In another work, Sheng et al. [72] reported four targeted hydrogen sulfide donor–OA hybrids at position C-3 and tested their biological activity, particularly anticancer activity (Table 11). According to the results, a limited number of hybrids showed intermediate inhibition against K562 cell growth. Over time, medicinal chemists have concentrated on developing compounds derived from OA. In a recently published study, Tang et al. [73] synthesized novel OA–dithiocarbamate conjugates and evaluated their biological activity (Table 12). Analogue 22e demonstrated the strongest and most comprehensive antiproliferative effects, as demonstrated by the test findings.
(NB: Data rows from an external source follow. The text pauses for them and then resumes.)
(* Let $\Lambda\in\mathbb{R}^{p\times p}$ be a discrete-time interconnection. There exists $\alpha>0$ such that for every $Q:\mathbb{N}\to\overline{\mathcal Q}_n$, the solution of $\mathbf x^+=(I_{np}+(\Lambda-I_p)\otimes Q_k)\mathbf x$ satisfies $|\mathbf x(k)|\le\alpha|\mathbf x(0)|$ for all $k\in\mathbb{N}$.
   Context: $|\cdot|$ Euclidean / induced 2-norm; $\otimes$ Kronecker product; $\overline{\mathcal Q}_n$ the set of symmetric positive semidefinite $n\times n$ matrices $R$ with $|R|\le1$. A discrete-time interconnection is $\Lambda=[\lambda_{ij}]$ with $\lambda_{ij}\ge0$ and $\sum_j\lambda_{ij}=1$ for all $i$. Equivalently, with $\mathbf x=[x_1^T\cdots x_p^T]^T$, the system is $x_i^+=x_i+Q_k\sum_{j\ne i}\lambda_{ij}(x_j-x_i)$. *)

theory Defs
  imports "HOL-Analysis.Analysis"
begin

text \<open>Kronecker product of a p x p matrix with an n x n matrix, indexed by pairs
  (block index, inner index); the stacked vector [x_1; ...; x_p] is real^('p \<times> 'n).\<close>
definition kron :: "real^'p^'p \<Rightarrow> real^'n^'n \<Rightarrow> real^('p \<times> 'n)^('p \<times> 'n)" where
  "kron A B = (\<chi> r. \<chi> c. A$(fst r)$(fst c) * B$(snd r)$(snd c))"

definition dt_interconnection :: "real^'p^'p \<Rightarrow> bool" where
  "dt_interconnection \<Lambda> \<longleftrightarrow> (\<forall>i j. 0 \<le> \<Lambda>$i$j) \<and> (\<forall>i. (\<Sum>j\<in>UNIV. \<Lambda>$i$j) = 1)"

definition Qbar :: "(real^'n^'n) set" where
  "Qbar = {R. transpose R = R \<and> (\<forall>v. 0 \<le> v \<bullet> (R *v v)) \<and> onorm (\<lambda>v. R *v v) \<le> 1}"

end

theory Submission
  imports Defs "Jordan_Normal_Form.Jordan_Normal_Form_Existence"
begin

text \<open>
  The powers of the row-stochastic matrix \<open>\<Lambda>\<close> are bounded, so in its Jordan form all eigenvalues
  satisfy \<open>|\<lambda>| \<le> 1\<close> and nontrivial Jordan blocks occur only for \<open>|\<lambda>| < 1\<close>. Rescaling the Jordan
  basis shrinks the superdiagonal ones to a small \<open>\<epsilon>\<close>, which gives left vectors \<open>s\<^sub>i\<close> forming a
  basis with \<open>s\<^sub>i \<Lambda> = \<lambda>\<^sub>i s\<^sub>i + \<beta>\<^sub>i s\<^sub>i\<^sub>+\<^sub>1\<close>, where \<open>|\<lambda>\<^sub>i| + \<beta>\<^sub>i \<le> 1\<close> and \<open>|\<lambda>\<^sub>i\<^sub>+\<^sub>1| + \<beta>\<^sub>i \<le> 1\<close>.
  In the coordinates \<open>y\<^sub>i = (s\<^sub>i \<otimes> I) x\<close> the system reads \<open>y\<^sub>i\<^sup>+ = y\<^sub>i + Q (z\<^sub>i - y\<^sub>i)\<close> with
  \<open>z\<^sub>i = \<lambda>\<^sub>i y\<^sub>i + \<beta>\<^sub>i y\<^sub>i\<^sub>+\<^sub>1\<close>. Since \<open>0 \<le> Q \<le> I\<close> this gives
  \<open>|y\<^sub>i\<^sup>+|\<^sup>2 \<le> |y\<^sub>i|\<^sup>2 - (1 - |\<lambda>\<^sub>i|) \<langle>y\<^sub>i, Q y\<^sub>i\<rangle> + \<beta>\<^sub>i \<langle>y\<^sub>i\<^sub>+\<^sub>1, Q y\<^sub>i\<^sub>+\<^sub>1\<rangle>\<close>, and the last terms
  telescope away when summing over \<open>i\<close>. Hence \<open>V = \<Sum>\<^sub>i |y\<^sub>i|\<^sup>2\<close> is nonincreasing along every
  solution, and \<open>V\<close> is equivalent to \<open>|x|\<^sup>2\<close> because the \<open>s\<^sub>i\<close> form a basis.
\<close>

lemma sum_eq_single:
  "finite A \<Longrightarrow> a \<in> A \<Longrightarrow> (\<And>l. l \<in> A \<Longrightarrow> l \<noteq> a \<Longrightarrow> f l = 0) \<Longrightarrow> sum f A = f a"
  by (simp add: sum.remove)

lemma sum_eq_two:
  assumes "finite A" "a \<in> A" "b \<in> A" "a \<noteq> b" "\<And>l. l \<in> A \<Longrightarrow> l \<noteq> a \<Longrightarrow> l \<noteq> b \<Longrightarrow> f l = 0"
  shows "sum f A = f a + f b"
proof -
  have "sum f A = f a + sum f (A - {a})" using assms by (simp add: sum.remove)
  also have "sum f (A - {a}) = f b" using assms by (intro sum_eq_single) auto
  finally show ?thesis .
qed

lemma index_mult_mat_sum:
  "A \<in> carrier_mat n n \<Longrightarrow> B \<in> carrier_mat n n \<Longrightarrow> i < n \<Longrightarrow> j < n \<Longrightarrow>
   (A * B) $$ (i, j) = (\<Sum>l<n. A $$ (i, l) * B $$ (l, j))"
  by (auto simp: scalar_prod_def lessThan_atLeast0 intro!: sum.cong)

definition jordan_bidiagonal :: "'a::zero_neq_one mat \<Rightarrow> nat \<Rightarrow> bool" where
  "jordan_bidiagonal J n \<longleftrightarrow> (\<forall>i<n. \<forall>j<n. (j \<noteq> i \<and> j \<noteq> Suc i \<longrightarrow> J $$ (i, j) = 0) \<and>
     (j = Suc i \<longrightarrow> J $$ (i, j) = 0 \<or> (J $$ (i, j) = 1 \<and> J $$ (j, j) = J $$ (i, i))))"

lemma jordan_matrix_bidiagonal:
  "jordan_bidiagonal (jordan_matrix n_as) (sum_list (map fst n_as))"
  unfolding jordan_bidiagonal_def
proof (induction n_as)
  case Nil
  then show ?case by simp
next
  case (Cons na n_as)
  obtain n a where na: "na = (n, a)" by force
  let ?N = "sum_list (map fst n_as)"
  show ?case
  proof (intro allI impI)
    fix i j
    assume "i < sum_list (map fst (na # n_as))" "j < sum_list (map fst (na # n_as))"
    then have ij: "i < n + ?N" "j < n + ?N" using na by auto
    show "(j \<noteq> i \<and> j \<noteq> Suc i \<longrightarrow> jordan_matrix (na # n_as) $$ (i, j) = 0) \<and>
          (j = Suc i \<longrightarrow> jordan_matrix (na # n_as) $$ (i, j) = 0 \<or>
             jordan_matrix (na # n_as) $$ (i, j) = 1 \<and>
             jordan_matrix (na # n_as) $$ (j, j) = jordan_matrix (na # n_as) $$ (i, i))"
    proof (cases "i < n")
      case True
      then show ?thesis using ij unfolding na jordan_matrix_Cons by auto
    next
      case False
      then have "i - n < ?N" "j - n < ?N \<or> j < n" using ij by auto
      then show ?thesis using ij False Cons.IH[rule_format, of "i - n" "j - n"]
        unfolding na jordan_matrix_Cons by (auto simp: Suc_diff_le)
    qed
  qed
qed

context
  fixes J :: "'a::comm_ring_1 mat" and n :: nat
  assumes J: "J \<in> carrier_mat n n" and bidiag: "jordan_bidiagonal J n"
begin

lemma jordan_bidiagonal_power_below_diag:
  "i < n \<Longrightarrow> j < i \<Longrightarrow> (J ^\<^sub>m k) $$ (i, j) = 0"
proof (induction k arbitrary: i j)
  case 0
  then show ?case using J by auto
next
  case (Suc k)
  have "(J ^\<^sub>m Suc k) $$ (i, j) = (\<Sum>l<n. (J ^\<^sub>m k) $$ (i, l) * J $$ (l, j))"
    using index_mult_mat_sum[of "J ^\<^sub>m k" n J i j] Suc.prems J by auto
  also have "\<dots> = 0"
  proof (intro sum.neutral ballI)
    fix l assume l: "l \<in> {..<n}"
    show "(J ^\<^sub>m k) $$ (i, l) * J $$ (l, j) = 0"
    proof (cases "l < i")
      case True
      then show ?thesis using Suc l by auto
    next
      case False
      then have "J $$ (l, j) = 0" using bidiag Suc.prems l unfolding jordan_bidiagonal_def by auto
      then show ?thesis by simp
    qed
  qed
  finally show ?case .
qed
It exhibited strong activity against A549, Hela, Huh-7, Panc1, HT-29, and Hep3B cells. Yu et al. [74] obtained a series of pyrazole-fused analogues of OA (Table 12). These derivatives were based on the pyrazole-fused derivatives of betulinic acid, which have demonstrated strong therapeutic activity. The effects of these molecules were assessed on the RAW264.7 cancer cell line. The strong cytotoxicity observed for some of these provides valuable clues for the development of new anti-tumor agents.

3.2. Anti-Diabetic Activity

It has been scientifically established that the liver centrally regulates the body’s glucose balance [75]. Controlling diabetes is crucial, due to its increasing prevalence worldwide. Type 2 diabetes affects a significant proportion of the adult population, estimated to be around 9% in 2014 [76].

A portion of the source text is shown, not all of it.